Les hommes politiques désarmés (donc moins lucides ?) ont choisi ce weekend de violemment réagir. Et puis il faut commencer à se positionner pour les prochaines élections présidentielles…. Après l’attentat de Charlie Hebdo Jean- Marine Le Pen, récusait avec virulence « tout amalgame » entre « nos compatriotes musulmans attachés à notre nation et à ses valeurs » et « ceux qui croient pouvoir tuer au nom de l’islam « . Aujourd’hui elle veut expulser du territoire national « les étrangers suspectés de fondamentalisme islamiste », les « binationaux coupables ou complices après les avoir déchus de la nationalité française » et demande la « fermeture des mosquées salafistes ». Son vieux père doit pleurer (d’un oeil ) de joie. Nicolas 1 er le revenant ne va pas aussi loin. Lui précise innocemment avoir « depuis plusieurs semaines » appelé le gouvernement « à prendre toutes les mesures indispensables pour assurer la protection de nos compatriotes, dans la continuité des propositions que nous avions formulées ». En gros, votez pour moi : je vais terrasser Daesh, Al Quaïda, la Faim Dans le Monde et les Tsunamis.

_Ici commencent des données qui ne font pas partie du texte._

(* Let $H$ be a $3\times 3$ complex hermitian matrix with $\operatorname{tr}(H)=0$ and $\operatorname{tr}(H^2)=2$, let $I$ be the $3\times3$ identity, and let $s$ be real. Then $1+s^2+is^3\det(H)\neq 0$, $I-isH$ is invertible, and $$\int_0^\infty e^{-t}\exp(itsH)\,dt=(I-isH)^{-1}=\frac{1}{1+s^2+is^3\det(H)}\left((1+s^2)I+isH-s^2H^2\right),$$ and consequently $$(I+isH)(I-isH)^{-1}=\frac{1}{1+s^2+is^3\det(H)}\left(\left(1+s^2-is^3\det(H)\right)I+2isH-2s^2H^2\right).$$
   Context: The matrix exponential is the usual power series; the integral is taken entrywise. *)

theory Defs
  imports "HOL-Analysis.Analysis"
begin

definition cmat_scale :: "complex \<Rightarrow> complex^'n^'m \<Rightarrow> complex^'n^'m" where
  "cmat_scale c A = (\<chi> i j. c * A $ i $ j)"

fun mat_pow :: "complex^'n^'n \<Rightarrow> nat \<Rightarrow> complex^'n^'n" where
  "mat_pow A 0 = mat 1"
| "mat_pow A (Suc k) = A ** mat_pow A k"

definition mat_exp :: "complex^'n^'n \<Rightarrow> complex^'n^'n" where
  "mat_exp A = (\<Sum>k. cmat_scale (1 / of_nat (fact k)) (mat_pow A k))"

definition hermitian :: "complex^'n^'n \<Rightarrow> bool" where
  "hermitian H \<longleftrightarrow> (\<forall>i j. H $ i $ j = cnj (H $ j $ i))"

end

theory Submission
  imports Defs "HOL-Real_Asymp.Real_Asymp"
begin
lemma MI_ch_summand_le:
  fixes k :: "'a::finite \<Rightarrow> nat \<Rightarrow> real"
  assumes p: "\<forall>b. 0 < p b" and k: "\<forall>b. 0 \<le> k b t"
  shows "p a * k a t * ln (k a t / push k p t) \<le> k a t * - (p a * ln (p a))"
proof (cases "k a t = 0")
  case False
  with k have ka: "0 < k a t" by (simp add: less_le)
  have pa: "0 < p a" using p by blast
  have kp_le: "k a t * p a \<le> push k p t"
    unfolding push_def using k p by (intro member_le_sum) (auto simp: less_imp_le)
  with ka pa have q_pos: "0 < push k p t"
    by (meson less_le_trans mult_pos_pos)
  with kp_le pa have "k a t / push k p t \<le> 1 / p a"
    by (simp add: divide_simps mult.commute)
  moreover have "0 < k a t / push k p t" using ka q_pos by simp
  ultimately have "ln (k a t / push k p t) \<le> ln (1 / p a)" using pa by simp
  also have "ln (1 / p a) = - ln (p a)" using pa by (simp add: ln_div)
  finally have "p a * k a t * ln (k a t / push k p t) \<le> p a * k a t * - ln (p a)"
    using ka pa by (intro mult_left_mono) simp_all
  then show ?thesis by (simp add: mult_ac)
qed simp
lemma abs_primitive_le_Wm1_radial:
  fixes f :: "real \<Rightarrow> real"
  assumes "0 < K" "0 \<le> m" "set_integrable lebesgue {min 0 x<..<max 0 x} f"
    and "AE t in lebesgue. t \<in> {min 0 x<..<max 0 x} \<longrightarrow>
      \<bar>f t\<bar> \<le> m * Wm1_radial \<bar>t\<bar> * exp_weight K t"
  shows "\<bar>LINT t=0..x|lebesgue. f t\<bar> \<le> m * Wm1_radial \<bar>x\<bar> * exp (K * \<bar>x\<bar>) / K"
proof (rule abs_interval_integral_le_exp[OF assms(1) _ assms(3)])
  show "0 \<le> m * Wm1_radial \<bar>x\<bar>"
    using assms(2) Wm1_radial_nonneg[of "\<bar>x\<bar>"] by simp
  show "AE t in lebesgue. t \<in> {min 0 x<..<max 0 x} \<longrightarrow>
      \<bar>f t\<bar> \<le> m * Wm1_radial \<bar>x\<bar> * exp (K * \<bar>t\<bar>)"
    using assms(4)
  proof eventually_elim
    case (elim t)
    show ?case
    proof
      assume t: "t \<in> {min 0 x<..<max 0 x}"
      then have "\<bar>f t\<bar> \<le> m * Wm1_radial \<bar>t\<bar> * exp_weight K t"
        using elim by blast
      also have "\<dots> \<le> m * Wm1_radial \<bar>x\<bar> * exp (K * \<bar>t\<bar>)"
        using t assms(1,2) Wm1_radial_nonneg[of "\<bar>x\<bar>"] exp_weight_pos[of K t, THEN less_imp_le]
          exp_weight_le_exp_abs[of K t]
        by (intro mult_mono mult_left_mono Wm1_radial_mono) auto
      finally show "\<bar>f t\<bar> \<le> m * Wm1_radial \<bar>x\<bar> * exp (K * \<bar>t\<bar>)" .
    qed
  qed
qed

lemma AE_abs_le_Wm1_radial_exp_weight:
  assumes "Linf_norm a b (\<lambda>x. f x / (Wm1 x * exp_weight K x)) = ereal m"
    and "\<And>x. x \<in> {a..b} \<Longrightarrow> \<bar>x\<bar> < 4*pi/3"
  shows "AE t in lebesgue. t \<in> {a..b} \<longrightarrow> \<bar>f t\<bar> \<le> m * Wm1_radial \<bar>t\<bar> * exp_weight K t"
  using AE_abs_le_Linf_norm_mult[OF assms(1)] AE_completion[OF AE_lborel_singleton[of 0]]
proof eventually_elim
  case (elim t)
  show ?case
  proof
    assume t: "t \<in> {a..b}"
    have "0 < Wm1_radial \<bar>t\<bar>" "0 < exp_weight K t"
      using elim by (simp_all add: Wm1_radial_pos exp_weight_pos)
    then show "\<bar>f t\<bar> \<le> m * Wm1_radial \<bar>t\<bar> * exp_weight K t"
      using elim t assms(2) by (simp add: Wm1_eq_Wm1_radial abs_mult mult.assoc)
  qed
qed

lemma abs_sin_mult_div_Wm1_exp_weight_le:
  assumes "0 < K" "0 \<le> m" "\<bar>x\<bar> < 4*pi/3" "exp (K * \<bar>x\<bar>) \<le> 3 * exp_weight K x"
    and "\<bar>y\<bar> \<le> m * Wm1_radial \<bar>x\<bar> * exp (K * \<bar>x\<bar>) / K"
  shows "\<bar>sin x * y / (Wm1 x * exp_weight K x)\<bar> \<le> 3 / K * m"
proof (cases "x = 0")
  case True
  \<comment> \<open>W_{-1} vanishes at 0, so the quotient is 0 by the convention x / 0 = 0.\<close>
  then show ?thesis
    using assms(1,2) by (simp add: Wm1_def)
next
  case False
  have pos: "0 < Wm1_radial \<bar>x\<bar> * exp_weight K x"
    using False by (simp add: Wm1_radial_pos exp_weight_pos)
  have "\<bar>sin x * y\<bar> \<le> \<bar>y\<bar>"
    by (simp add: abs_mult mult_left_le_one_le)
  also have "\<dots> \<le> m * Wm1_radial \<bar>x\<bar> * exp (K * \<bar>x\<bar>) / K"
    by (rule assms(5))
  also have "\<dots> \<le> m * Wm1_radial \<bar>x\<bar> * (3 * exp_weight K x) / K"
    using assms(1,2,4) Wm1_radial_nonneg[of "\<bar>x\<bar>"] by (intro divide_right_mono mult_left_mono) auto
  also have "\<dots> = 3 / K * m * (Wm1_radial \<bar>x\<bar> * exp_weight K x)"
    by simp
  finally show ?thesis
    using pos assms(3) by (simp add: Wm1_eq_Wm1_radial abs_divide abs_of_pos pos_divide_le_eq)
qed

lemma borel_measurable_sin_mult_primitive_div:
  fixes f :: "real \<Rightarrow> real"
  assumes "set_integrable lebesgue {a..b} f" "a \<le> 0" "0 \<le> b"
  shows "(\<lambda>x. sin x * (LINT t=0..x|lebesgue. f t) / (Wm1 x * exp_weight K x))
    \<in> borel_measurable (restrict_space lebesgue {a..b})"
proof -
  have [measurable]: "(\<lambda>x. LINT t=0..x|lebesgue. f t) \<in> borel_measurable (restrict_space lebesgue {a..b})"
    using continuous_on_interval_integral[OF assms] by (rule continuous_imp_measurable_on_sets_lebesgue) simp
  have [measurable]: "(\<lambda>x. x) \<in> borel_measurable (restrict_space lebesgue {a..b})"
    using id_borel_measurable_lebesgue_on by (simp add: id_def)
  show ?thesis
    by measurable
qed

lemma Linf_norm_sin_mult_primitive_le:
  fixes K xs :: real and f :: "real \<Rightarrow> real"
  assumes K: "0 < K" "K * \<bar>xs\<bar> \<le> 1" and xs: "\<bar>xs\<bar> < pi/3"
    and f_meas: "f \<in> borel_measurable (restrict_space lebesgue {-pi-xs..pi-xs})"
    and f_finite: "Linf_norm (-pi-xs) (pi-xs) (\<lambda>x. f x / (Wm1 x * exp_weight K x)) < \<infinity>"
  shows "Linf_norm (-pi-xs) (pi-xs) (\<lambda>x. sin x * (LINT t=0..x|lebesgue. f t) / (Wm1 x * exp_weight K x))
    \<le> ereal (3 / K) * Linf_norm (-pi-xs) (pi-xs) (\<lambda>x. f x / (Wm1 x * exp_weight K x))"
proof -
  define D where "D = {-pi-xs..pi-xs}"
  have D: "-pi-xs < pi-xs" "-pi-xs \<le> 0" "0 \<le> pi-xs"
    using xs pi_gt3 by auto
  have abs_le_D: "\<bar>x\<bar> \<le> pi + \<bar>xs\<bar>" "\<bar>x\<bar> < 4*pi/3" if "x \<in> D" for x
    using that xs by (auto simp: D_def)
  have exp_D: "exp (K * \<bar>x\<bar>) \<le> 3 * exp_weight K x" if "x \<in> D" for x
    using K mult_left_mono[OF abs_le_D(1)[OF that], of K]
    by (intro exp_abs_le_exp_weight) (auto simp: algebra_simps)
  obtain m where m: "Linf_norm (-pi-xs) (pi-xs) (\<lambda>x. f x / (Wm1 x * exp_weight K x)) = ereal m" "0 \<le> m"
    using f_finite Linf_norm_nonneg[OF D(1), of "\<lambda>x. f x / (Wm1 x * exp_weight K x)"]
    by (cases "Linf_norm (-pi-xs) (pi-xs) (\<lambda>x. f x / (Wm1 x * exp_weight K x))") auto
  have f_bound: "AE t in lebesgue. t \<in> D \<longrightarrow> \<bar>f t\<bar> \<le> m * Wm1_radial \<bar>t\<bar> * exp_weight K t"
    unfolding D_def by (rule AE_abs_le_Wm1_radial_exp_weight[OF m(1)]) (use abs_le_D in \<open>simp add: D_def\<close>)
  have f_int: "set_integrable lebesgue D f"
    using f_meas K(1) m(2) f_bound unfolding D_def by (intro set_integrable_Wm1_radial_exp_weight_bound) auto
  have primitive_bound: "\<bar>LINT t=0..x|lebesgue. f t\<bar> \<le> m * Wm1_radial \<bar>x\<bar> * exp (K * \<bar>x\<bar>) / K"
    if x: "x \<in> D" for x
  proof (rule abs_primitive_le_Wm1_radial[OF K(1) m(2)])
    have between_D: "{min 0 x<..<max 0 x} \<subseteq> D"
      using x D by (auto simp: D_def)
    show "set_integrable lebesgue {min 0 x<..<max 0 x} f"
      by (rule set_integrable_subset[OF f_int _ between_D]) simp
    show "AE t in lebesgue. t \<in> {min 0 x<..<max 0 x} \<longrightarrow>
        \<bar>f t\<bar> \<le> m * Wm1_radial \<bar>t\<bar> * exp_weight K t"
      using f_bound by eventually_elim (use between_D in blast)
  qed
  have "Linf_norm (-pi-xs) (pi-xs) (\<lambda>x. sin x * (LINT t=0..x|lebesgue. f t) / (Wm1 x * exp_weight K x))
      \<le> ereal (3 / K * m)"
  proof (rule Linf_norm_le)
    show "(\<lambda>x. sin x * (LINT t=0..x|lebesgue. f t) / (Wm1 x * exp_weight K x))
        \<in> borel_measurable (restrict_space lebesgue {-pi-xs..pi-xs})"
      using f_int D(2,3) unfolding D_def by (rule borel_measurable_sin_mult_primitive_div)
    show "\<bar>sin x * (LINT t=0..x|lebesgue. f t) / (Wm1 x * exp_weight K x)\<bar> \<le> 3 / K * m"
      if "x \<in> {-pi-xs..pi-xs}" for x
      using that unfolding D_def [symmetric]
      by (intro abs_sin_mult_div_Wm1_exp_weight_le K(1) m(2) abs_le_D exp_D primitive_bound)
  qed
  then show ?thesis
    using m(1) by simp
qed
lemma Ntau_eq_1_iff_Ntilde:
  assumes ext: "valid_ext l ext" and R: "M < R"
  shows "Ntau E \<tau> lam R = 1 \<longleftrightarrow>
    (\<forall>Rt>0. (\<lambda>n. ln (real (Ntilde E \<tau> l ext Rt n)) / real n) \<longlonglongrightarrow> 0)"
proof
  assume "Ntau E \<tau> lam R = 1"
  then have Ncount_rate: "(\<lambda>n. ln (real (Ncount E \<tau> lam R n)) / real n) \<longlonglongrightarrow> 0"
    using Ntau_eq_1_iff_ln_Ncount R by simp
  show "\<forall>Rt>0. (\<lambda>n. ln (real (Ntilde E \<tau> l ext Rt n)) / real n) \<longlonglongrightarrow> 0"
  proof (intro allI impI)
    fix Rt :: real assume Rt: "0 < Rt"
    obtain m C where C: "1 \<le> C" and le: "\<And>j. Ntilde E \<tau> l ext Rt (j + m) \<le> Ncount E \<tau> lam R j * C"
      using Ntilde_shift_le_Ncount[OF ext R Rt] by blast
    show "(\<lambda>n. ln (real (Ntilde E \<tau> l ext Rt n)) / real n) \<longlonglongrightarrow> 0"
    proof (rule ln_ratio_tendsto_0_if_le_shift[where m = m and C = "real C"])
      show "1 \<le> real (Ntilde E \<tau> l ext Rt n)" for n using Ntilde_ge_1 Rt by simp
      show "1 \<le> real (Ncount E \<tau> lam R n)" for n using Ncount_ge_1 R M_nonneg by simp
      show "real (Ntilde E \<tau> l ext Rt (j + m)) \<le> real (Ncount E \<tau> lam R j) * real C" for j
        using le[of j] by (simp flip: of_nat_mult)
    qed (use C Ncount_rate in simp_all)
  qed
next
  assume Ntilde_rate: "\<forall>Rt>0. (\<lambda>n. ln (real (Ntilde E \<tau> l ext Rt n)) / real n) \<longlonglongrightarrow> 0"
  define Rt where "Rt = theta lam R + theta lam M + 1"
  have Rt: "0 < Rt" unfolding Rt_def using R M_nonneg theta_nonneg by (simp add: add_nonneg_pos)
  have "(\<lambda>n. ln (real (Ncount E \<tau> lam R n)) / real n) \<longlonglongrightarrow> 0"
  proof (rule ln_ratio_tendsto_0_if_le_shift[where m = 0 and C = 1])
    show "1 \<le> real (Ncount E \<tau> lam R n)" for n using Ncount_ge_1 R M_nonneg by simp
    show "1 \<le> real (Ntilde E \<tau> l ext Rt n)" for n using Ntilde_ge_1 Rt by simp
    show "real (Ncount E \<tau> lam R (j + 0)) \<le> real (Ntilde E \<tau> l ext Rt j) * 1" for j
      using Ncount_le_Ntilde[OF ext, of R Rt j] by (simp add: Rt_def)
  qed (use Ntilde_rate Rt in simp_all)
  then show "Ntau E \<tau> lam R = 1" using Ntau_eq_1_iff_ln_Ncount R by simp
qed
(* Let $1\le p<2$, $f\in\mathcal H_0$, $u$ the solution of $\partial_tu+\partial J(u)\ni0$, $u(0)=f$, with extinction time $T_{\mathrm{ex}}$, $w(t):=u(t)/a(t)$ with $a(t)=(1-t/T_{\mathrm{ex}})^{1/(2-p)}$, and $\Lambda(t):=pJ(u(t))/\|u(t)\|^p$ for $0<t<T_{\mathrm{ex}}$. Let $w_*$ be an asymptotic profile, i.e. $w_*\in\mathcal H$ with $w(t_k)\to w_*$ strongly for some $t_k\nearrow T_{\mathrm{ex}}$. Then $w_*$ is a ground state if and only if $\lim_{t\nearrow T_{\mathrm{ex}}}\Lambda(t)=\lambda_1$.
   Context: $\mathcal H$ is a real Hilbert space with inner product $\langle\cdot,\cdot\rangle$ and norm $\|\cdot\|$. $J:\mathcal H\to\mathbb R\cup\{\infty\}$ is convex, lower semicontinuous, proper, with dense effective domain, and absolutely $p$-homogeneous: $J(cu)=|c|^pJ(u)$ for $c\ne0$, $J(0)=0$. $\partial J(u)=\{\zeta: J(u)+\langle\zeta,v-u\rangle\le J(v)\ \forall v\}$; $\mathcal N(J)=\{u:J(u)=0\}$; $\mathcal H_0:=\mathcal N(J)^\perp\setminus\{0\}$. Rayleigh quotient $R(u):=pJ(u)/\|u\|^p$; standing coercivity assumption $\lambda_1:=\inf_{u\in\mathcal H_0}R(u)>0$; a ground state is a minimizer of $R$ over $\mathcal H_0$. The gradient flow solution (Brezis) is the unique continuous $u:[0,\infty)\to\mathcal H$, Lipschitz on $[\delta,\infty)$ for all $\delta>0$, right-differentiable on $(0,\infty)$ with $u(0)=f$ and $\partial_t^+u(t)=-\zeta(t)$, $\zeta(t)$ the minimal-norm element of $\partial J(u(t))$. $T_{\mathrm{ex}}:=\inf\{T>0:u(t)=0\ \forall t\ge T\}$ (finite for $p<2$). *)

theory Defs
  imports "HOL-Analysis.Analysis" "HOL-Library.Extended_Real"
begin

text \<open>Functionals J : H -> R \<union> {\<infinity>} are modelled as ereal-valued functions never taking -\<infinity>.\<close>

definition ereal_convex :: "('a::real_vector \<Rightarrow> ereal) \<Rightarrow> bool" where
  "ereal_convex J \<longleftrightarrow> (\<forall>x y t. 0 \<le> t \<and> t \<le> 1 \<longrightarrow>
      J (t *\<^sub>R x + (1 - t) *\<^sub>R y) \<le> ereal t * J x + ereal (1 - t) * J y)"

definition lower_semicont :: "('a::topological_space \<Rightarrow> ereal) \<Rightarrow> bool" where
  "lower_semicont J \<longleftrightarrow> (\<forall>x. J x \<le> Liminf (at x) J)"

definition proper_fun :: "('a \<Rightarrow> ereal) \<Rightarrow> bool" where
  "proper_fun J \<longleftrightarrow> (\<forall>u. J u \<noteq> -\<infinity>) \<and> (\<exists>u. J u < \<infinity>)"

definition eff_dom :: "('a \<Rightarrow> ereal) \<Rightarrow> 'a set" where
  "eff_dom J = {u. J u < \<infinity>}"

definition abs_homogeneous :: "real \<Rightarrow> ('a::real_vector \<Rightarrow> ereal) \<Rightarrow> bool" where
  "abs_homogeneous p J \<longleftrightarrow> J 0 = 0 \<and>
     (\<forall>c u. c \<noteq> 0 \<longrightarrow> J (c *\<^sub>R u) = ereal (\<bar>c\<bar> powr p) * J u)"

definition admissible :: "real \<Rightarrow> ('a::{real_inner,complete_space} \<Rightarrow> ereal) \<Rightarrow> bool" where
  "admissible p J \<longleftrightarrow> ereal_convex J \<and> lower_semicont J \<and> proper_fun J \<and>
     closure (eff_dom J) = UNIV \<and> abs_homogeneous p J"

definition subdiff :: "('a::real_inner \<Rightarrow> ereal) \<Rightarrow> 'a \<Rightarrow> 'a set" where
  "subdiff J u = {\<zeta>. \<forall>v. J u + ereal (\<zeta> \<bullet> (v - u)) \<le> J v}"

definition null_set :: "('a \<Rightarrow> ereal) \<Rightarrow> 'a set" where
  "null_set J = {u. J u = 0}"

definition H0 :: "('a::real_inner \<Rightarrow> ereal) \<Rightarrow> 'a set" where
  "H0 J = orthogonal_comp (null_set J) - {0}"

definition rayleigh :: "real \<Rightarrow> ('a::real_normed_vector \<Rightarrow> ereal) \<Rightarrow> 'a \<Rightarrow> ereal" where
  "rayleigh p J u = ereal p * J u / ereal (norm u powr p)"

definition lambda1 :: "real \<Rightarrow> ('a::real_inner \<Rightarrow> ereal) \<Rightarrow> ereal" where
  "lambda1 p J = (INF u\<in>H0 J. rayleigh p J u)"

definition ground_state :: "real \<Rightarrow> ('a::real_inner \<Rightarrow> ereal) \<Rightarrow> 'a \<Rightarrow> bool" where
  "ground_state p J w \<longleftrightarrow> w \<in> H0 J \<and> (\<forall>v\<in>H0 J. rayleigh p J w \<le> rayleigh p J v)"

definition min_norm_subgrad :: "('a::real_inner \<Rightarrow> ereal) \<Rightarrow> 'a \<Rightarrow> 'a \<Rightarrow> bool" where
  "min_norm_subgrad J u \<zeta> \<longleftrightarrow> \<zeta> \<in> subdiff J u \<and> (\<forall>\<eta>\<in>subdiff J u. norm \<zeta> \<le> norm \<eta>)"

text \<open>Brezis gradient flow solution of  u' + \<partial>J(u) \<ni> 0, u(0) = f.\<close>
definition gradient_flow :: "('a::real_inner \<Rightarrow> ereal) \<Rightarrow> 'a \<Rightarrow> (real \<Rightarrow> 'a) \<Rightarrow> bool" where
  "gradient_flow J f u \<longleftrightarrow>
     continuous_on {0..} u \<and>
     (\<forall>\<delta>>0. \<exists>L. L-lipschitz_on {\<delta>..} u) \<and>
     u 0 = f \<and>
     (\<forall>t>0. \<exists>\<zeta>. min_norm_subgrad J (u t) \<zeta> \<and>
               (u has_vector_derivative (- \<zeta>)) (at t within {t..}))"

definition extinction_time :: "(real \<Rightarrow> 'a::zero) \<Rightarrow> real" where
  "extinction_time u = Inf {T. T > 0 \<and> (\<forall>t\<ge>T. u t = 0)}"

end

theory Submission
  imports Defs
begin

Estrosi et Morano deux éminents cerveaux de l’UMP (devenus Les Républicains) eux en ont profité pour nous ressortir la fameuse « Cinquième Colonne« . Les pauvres. Enfin le gouvernement par l’intermédiaire de Manuel Valls a également fait dans la surenchère. « Nous ne pouvons pas perdre cette guerre parce que c’est au fond une guerre de civilisation. » a déclaré Manu « Le Blanco » dimanche matin lors de l’émission Le Grand Rendez-vous d’Europe 1-Le Monde-iTélé. Un discours belliqueux qui fait ricaner la droite et embarrasse la gauche mais surtout témoigne d’un aveu d’impuissance. Le premier ministre « envoie un message fort » parce que dans l’immédiat il n’ a pas de solutions.
Ce samedi les habitants de Fontaines-sur-Saône dans le Rhône ont rendu un hommage à Hervé Cornara qui devait fêter ses 55 ans hier. Décapité en pleine journée, il est la première victime sur le sol français du « terrorisme ordinaire ». Sans images, sans vidéos, sans slogans ni messages : un anonyme. Comme nous. Plus personne n’est Charlie car ce vendredi 26 juin on s’est rendu compte avec effroi que l’on soit à Paris, Saint-Quentin-Fallavier, Sousse en Tunisie, Koweit City ou a N’Djamena au Tchad on pouvait tous devenir Hervé.